• **TASK TO CARRY OUT**: How does the data below read from its first line through the line containing "with that have"? Print those lines exactly.

::::::::::

lemma bij_betw_circles:
  "bij_betw (\<lambda>(T, h, a). (h, a, \<lambda>l. of_bool (l \<in> T)))
     {(T, h, a) \<in> {T. T \<subseteq> {1..n - m} \<and> card T = r} \<times> crossed_staircases n L S.
        \<forall>l\<in>{1..n}. a l + of_bool (l \<in> T) \<le> h l}
     {(h, a, b) \<in> marked_staircases n m.
        (\<Sum>l\<in>{1..n}. b l) = r \<and> (h, a) \<in> crossed_staircases n L S}"
  (is "bij_betw ?f ?A ?B")
proof (rule bij_betw_byWitness[where f' = "\<lambda>(h, a, b). ({l. b l = 1}, h, a)"])
  have sum_of_bool: "(\<Sum>l\<in>{1..n}. of_bool (l \<in> T)) = card T" if "T \<subseteq> {1..n - m}" for T
  proof -
    have "{1..n - m} \<subseteq> {1..n}" by auto
    with that have "T \<subseteq> {1..n}" by (rule order_trans)
    then show ?thesis by (simp add: Int_absorb1)
  qed
  show "\<forall>x\<in>?A. (\<lambda>(h, a, b). ({l. b l = 1}, h, a)) (?f x) = x"
    by auto
  show "\<forall>y\<in>?B. ?f ((\<lambda>(h, a, b). ({l. b l = 1}, h, a)) y) = y"
  proof
    fix y assume "y \<in> ?B"
    then obtain h a b where y: "y = (h, a, b)" and M: "(h, a, b) \<in> marked_staircases n m"
      by auto
    show "?f ((\<lambda>(h, a, b). ({l. b l = 1}, h, a)) y) = y"
      unfolding y using marked_staircase_circles(2)[OF M] by simp
  qed
  show "?f ` ?A \<subseteq> ?B"
  proof (rule image_subsetI)
    fix x assume "x \<in> ?A"
    then obtain T h a where x: "x = (T, h, a)" and T: "T \<subseteq> {1..n - m}" "card T = r"
      and ha: "(h, a) \<in> crossed_staircases n L S" and fits: "\<forall>l\<in>{1..n}. a l + of_bool (l \<in> T) \<le> h l"
      by auto
    have "(\<Sum>l\<in>{1..n}. of_bool (l \<in> T)) = r"
      using sum_of_bool[OF T(1)] T(2) by (rule trans)
    then show "?f x \<in> ?B"
      unfolding x using circled_staircase_marked[OF ha T(1) fits] ha by simp
  qed
  show "(\<lambda>(h, a, b). ({l. b l = 1}, h, a)) ` ?B \<subseteq> ?A"
  proof (rule image_subsetI)
    fix y assume "y \<in> ?B"
    then obtain h a b where y: "y = (h, a, b)" and M: "(h, a, b) \<in> marked_staircases n m"
      and sum_b: "(\<Sum>l\<in>{1..n}. b l) = r" and ha: "(h, a) \<in> crossed_staircases n L S"
      by auto
    note T = marked_staircase_circles[OF M]
    have "card {l. b l = 1} = (\<Sum>l\<in>{1..n}. of_bool (l \<in> {l. b l = 1}))"
      by (rule sum_of_bool[OF T(1), symmetric])
    also have "\<dots> = r" unfolding T(2) by (rule sum_b)
    finally have "card {l. b l = 1} = r" .
    moreover have "\<forall>l\<in>{1..n}. a l + of_bool (l \<in> {l. b l = 1}) \<le> h l"
      using M unfolding marked_staircases_def by (auto simp: of_bool_def)
    ultimately show "(\<lambda>(h, a, b). ({l. b l = 1}, h, a)) y \<in> ?A"
      unfolding y using T(1) ha by simp
  qed
qed

lemma xdiff_op_esym_cross_poly:
  "xdiff_op (esym r (n - m)) (cross_poly n L S) =
    (\<Sum>M\<in>{(h, a, b) \<in> marked_staircases n m. (\<Sum>l\<in>{1..n}. b l) = r \<and> (h, a) \<in> crossed_staircases n L S}.
       stair_weight n M S)"
proof -
  let ?C = "{T. T \<subseteq> {1..n - m} \<and> card T = r}"
  let ?fits = "\<lambda>(T, h, a). \<forall>l\<in>{1..n}. a l + of_bool (l \<in> T) \<le> h l"
  let ?w = "\<lambda>(T, h, a). stair_weight n (h, a, \<lambda>l. of_bool (l \<in> T)) S"
  let ?g = "\<lambda>x. if ?fits x then ?w x else 0"
  have "finite ?C" by (rule finite_subset[of _ "Pow {1..n - m}"]) auto
  then have fin: "finite (?C \<times> crossed_staircases n L S)"
    by (simp add: finite_crossed_staircases)
  have "xdiff_op (esym r (n - m)) (cross_poly n L S) = (\<Sum>T\<in>?C. \<Sum>x\<in>crossed_staircases n L S. ?g (T, x))"
    unfolding xdiff_op_esym cross_poly_def additive.sum[OF additive_xdiff_mono]
  proof (intro sum.cong refl)
    fix T x assume T: "T \<in> ?C" and x: "x \<in> crossed_staircases n L S"
    obtain h a where ha: "x = (h, a)" by (cases x)
    have "T \<subseteq> {1..n - m}" using T by simp
    moreover have "{1..n - m} \<subseteq> {1..n}" by auto
    ultimately have "T \<subseteq> {1..n}" by (rule order_trans)
    then show "xdiff_mono (set_exp T) (case x of (h, a) \<Rightarrow>
          Poly_Mapping.single (mono_exp n (\<lambda>l. h l - a l)) (of_int (cross_coeff n h a))) = ?g (T, x)"
      using circle_term[of h a n L S T] x unfolding ha by simp
  qed
  also have "\<dots> = (\<Sum>x\<in>?C \<times> crossed_staircases n L S. ?g x)"
    by (subst sum.cartesian_product) (auto intro!: sum.cong split: prod.splits)
  also have "\<dots> = (\<Sum>x\<in>{(T, h, a) \<in> ?C \<times> crossed_staircases n L S.
      \<forall>l\<in>{1..n}. a l + of_bool (l \<in> T) \<le> h l}. ?w x)"
    by (subst sum.inter_filter[OF fin, symmetric]) (rule sum.cong; auto)
  also have "\<dots> = (\<Sum>M\<in>{(h, a, b) \<in> marked_staircases n m. (\<Sum>l\<in>{1..n}. b l) = r \<and> (h, a) \<in> crossed_staircases n L S}.
       stair_weight n M S)"
    using sum.reindex_bij_betw[OF bij_betw_circles[of n m r L S], of "\<lambda>M. stair_weight n M S"]
    by (simp add: case_prod_unfold)
  finally show ?thesis .
qed

lemma marked_staircase_crossed_iff:
  assumes "(h, a, b) \<in> marked_staircases n m"
  shows "(h, a) \<in> crossed_staircases n L S \<longleftrightarrow>
    xcols n a = S \<and> image_mset a (mset_set (xcols n a)) = mset_set (set L)"
  using assms
  by (auto simp: crossed_staircases_def marked_staircases_def staircases_def
      image_mset_mset_set_eq_iff[OF finite_xcols finite_set])

theorem lemma4p5:
  fixes n m r :: nat and I :: "nat set"
  assumes "I \<subseteq> {1..n-1}" and "m \<le> n"
  shows "sdiff_op (esym r (n - m))
           (foldr (dop n) (sorted_list_of_set I) (xpart (Delta n)))
         = (\<lambda>S. \<Sum>M\<in>{(h, a, b) \<in> marked_staircases n m.
                      (\<Sum>l\<in>{1..n}. b l) = r \<and>
                      image_mset a (mset_set (xcols n a)) = mset_set I}.
                 stair_weight n M S)"
proof
  fix S
  let ?L = "sorted_list_of_set I"
  let ?M = "{(h, a, b) \<in> marked_staircases n m.
    (\<Sum>l\<in>{1..n}. b l) = r \<and> image_mset a (mset_set (xcols n a)) = mset_set I}"
  have I: "finite I" using assms(1) by (rule finite_subset) simp
  then have L: "set ?L = I" "sorted_wrt (<) ?L" "\<forall>x\<in>set ?L. 0 < x"
    using assms(1) by auto
  have "sdiff_op (esym r (n - m)) (foldr (dop n) ?L (xpart (Delta n))) S =
      xdiff_op (esym r (n - m)) (cross_poly n ?L S)"
    using L by (simp add: sdiff_op_def foldr_dop_Delta)
  also have "\<dots> = (\<Sum>M\<in>{(h, a, b) \<in> marked_staircases n m.
      (\<Sum>l\<in>{1..n}. b l) = r \<and> (h, a) \<in> crossed_staircases n ?L S}. stair_weight n M S)"
    by (rule xdiff_op_esym_cross_poly)
  also have "{(h, a, b) \<in> marked_staircases n m. (\<Sum>l\<in>{1..n}. b l) = r \<and> (h, a) \<in> crossed_staircases n ?L S}
      = {(h, a, b) \<in> ?M. xcols n a = S}"
    using marked_staircase_crossed_iff L(1) by auto
  also have "(\<Sum>M\<in>{(h, a, b) \<in> ?M. xcols n a = S}. stair_weight n M S) = (\<Sum>M\<in>?M. stair_weight n M S)"
    by (rule sum.mono_neutral_left)
       (auto simp: stair_weight_def split: if_splits intro: finite_subset[OF _ finite_marked_staircases])
  finally show "sdiff_op (esym r (n - m)) (foldr (dop n) ?L (xpart (Delta n))) S = (\<Sum>M\<in>?M. stair_weight n M S)" .
qed

end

::::::::::

• **OUTPUT FOR THIS EXERCISE**:
lemma bij_betw_circles:
  "bij_betw (\<lambda>(T, h, a). (h, a, \<lambda>l. of_bool (l \<in> T)))
     {(T, h, a) \<in> {T. T \<subseteq> {1..n - m} \<and> card T = r} \<times> crossed_staircases n L S.
        \<forall>l\<in>{1..n}. a l + of_bool (l \<in> T) \<le> h l}
     {(h, a, b) \<in> marked_staircases n m.
        (\<Sum>l\<in>{1..n}. b l) = r \<and> (h, a) \<in> crossed_staircases n L S}"
  (is "bij_betw ?f ?A ?B")
proof (rule bij_betw_byWitness[where f' = "\<lambda>(h, a, b). ({l. b l = 1}, h, a)"])
  have sum_of_bool: "(\<Sum>l\<in>{1..n}. of_bool (l \<in> T)) = card T" if "T \<subseteq> {1..n - m}" for T
  proof -
    have "{1..n - m} \<subseteq> {1..n}" by auto
    with that have "T \<subseteq> {1..n}" by (rule order_trans)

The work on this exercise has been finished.